Records from a data source:
BEGIN
lemma has_real_derivative_of_increment_bounds:
  assumes cont: "continuous_on {a..b} f" and x: "x \<in> {a..b}"
  shows "(V has_real_derivative f x) (at x within {a..b})"
  unfolding has_field_derivative_iff
proof (rule Lim_withinI)
  fix e :: real assume "0 < e"
  then obtain d where "0 < d" and d: "\<And>t. t \<in> {a..b} \<Longrightarrow> dist t x < d \<Longrightarrow> dist (f t) (f x) < e"
    using cont x unfolding continuous_on_iff by blast
  have increment: "\<bar>V v - V u - (v - u) * f x\<bar> \<le> (v - u) * e"
    if "a \<le> u" "u < v" "v \<le> b" "x \<in> {u..v}" "v - u < d" for u v
  proof (rule increment_estimate[OF that(1-3)])
    fix t assume "t \<in> {u..v}"
    then have "dist (f t) (f x) < e"
      using that by (intro d) (auto simp: dist_real_def)
    then show "\<bar>f t - f x\<bar> \<le> e"
      by (simp add: dist_real_def)
  qed
  show "\<exists>d>0. \<forall>y\<in>{a..b}. 0 < dist y x \<and> dist y x < d \<longrightarrow> dist ((V y - V x) / (y - x)) (f x) \<le> e"
  proof (intro exI[of _ d] conjI ballI impI \<open>0 < d\<close>)
    fix y assume y: "y \<in> {a..b}" and "0 < dist y x \<and> dist y x < d"
    then have "y \<noteq> x" "\<bar>y - x\<bar> < d"
      by (auto simp: dist_real_def)
    have "\<bar>V y - V x - (y - x) * f x\<bar> \<le> \<bar>y - x\<bar> * e"
    proof (cases "x < y")
      case True
      then show ?thesis
        using increment[of x y] x y \<open>\<bar>y - x\<bar> < d\<close> by auto
    next
      case False
      then have "\<bar>V x - V y - (x - y) * f x\<bar> \<le> (x - y) * e"
        using increment[of y x] x y \<open>y \<noteq> x\<close> \<open>\<bar>y - x\<bar> < d\<close> by auto
      then show ?thesis
        using False by (simp add: abs_minus_commute algebra_simps)
    qed
    moreover have "(V y - V x) / (y - x) - f x = (V y - V x - (y - x) * f x) / (y - x)"
      using \<open>y \<noteq> x\<close> by (simp add: field_simps)
    ultimately show "dist ((V y - V x) / (y - x)) (f x) \<le> e"
      using \<open>y \<noteq> x\<close> by (simp add: dist_real_def pos_divide_le_eq mult.commute)
  qed
qed

lemma has_integral_of_increment_bounds:
  assumes "a \<le> b" and "continuous_on {a..b} f"
  shows "(f has_integral (V b - V a)) {a..b}"
  using has_real_derivative_of_increment_bounds[OF assms(2)]
  by (intro fundamental_theorem_of_calculus[OF assms(1)])
    (simp add: has_real_derivative_iff_has_vector_derivative)

end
END
* **EXERCISE OBJECTIVE**
What is needed is an exact copy of the entries above, from the first line through the line holding "x\<bar> \<le> (v", with both of those lines kept; please give nothing else.

* **RESPONSE BELOW**
lemma has_real_derivative_of_increment_bounds:
  assumes cont: "continuous_on {a..b} f" and x: "x \<in> {a..b}"
  shows "(V has_real_derivative f x) (at x within {a..b})"
  unfolding has_field_derivative_iff
proof (rule Lim_withinI)
  fix e :: real assume "0 < e"
  then obtain d where "0 < d" and d: "\<And>t. t \<in> {a..b} \<Longrightarrow> dist t x < d \<Longrightarrow> dist (f t) (f x) < e"
    using cont x unfolding continuous_on_iff by blast
  have increment: "\<bar>V v - V u - (v - u) * f x\<bar> \<le> (v - u) * e"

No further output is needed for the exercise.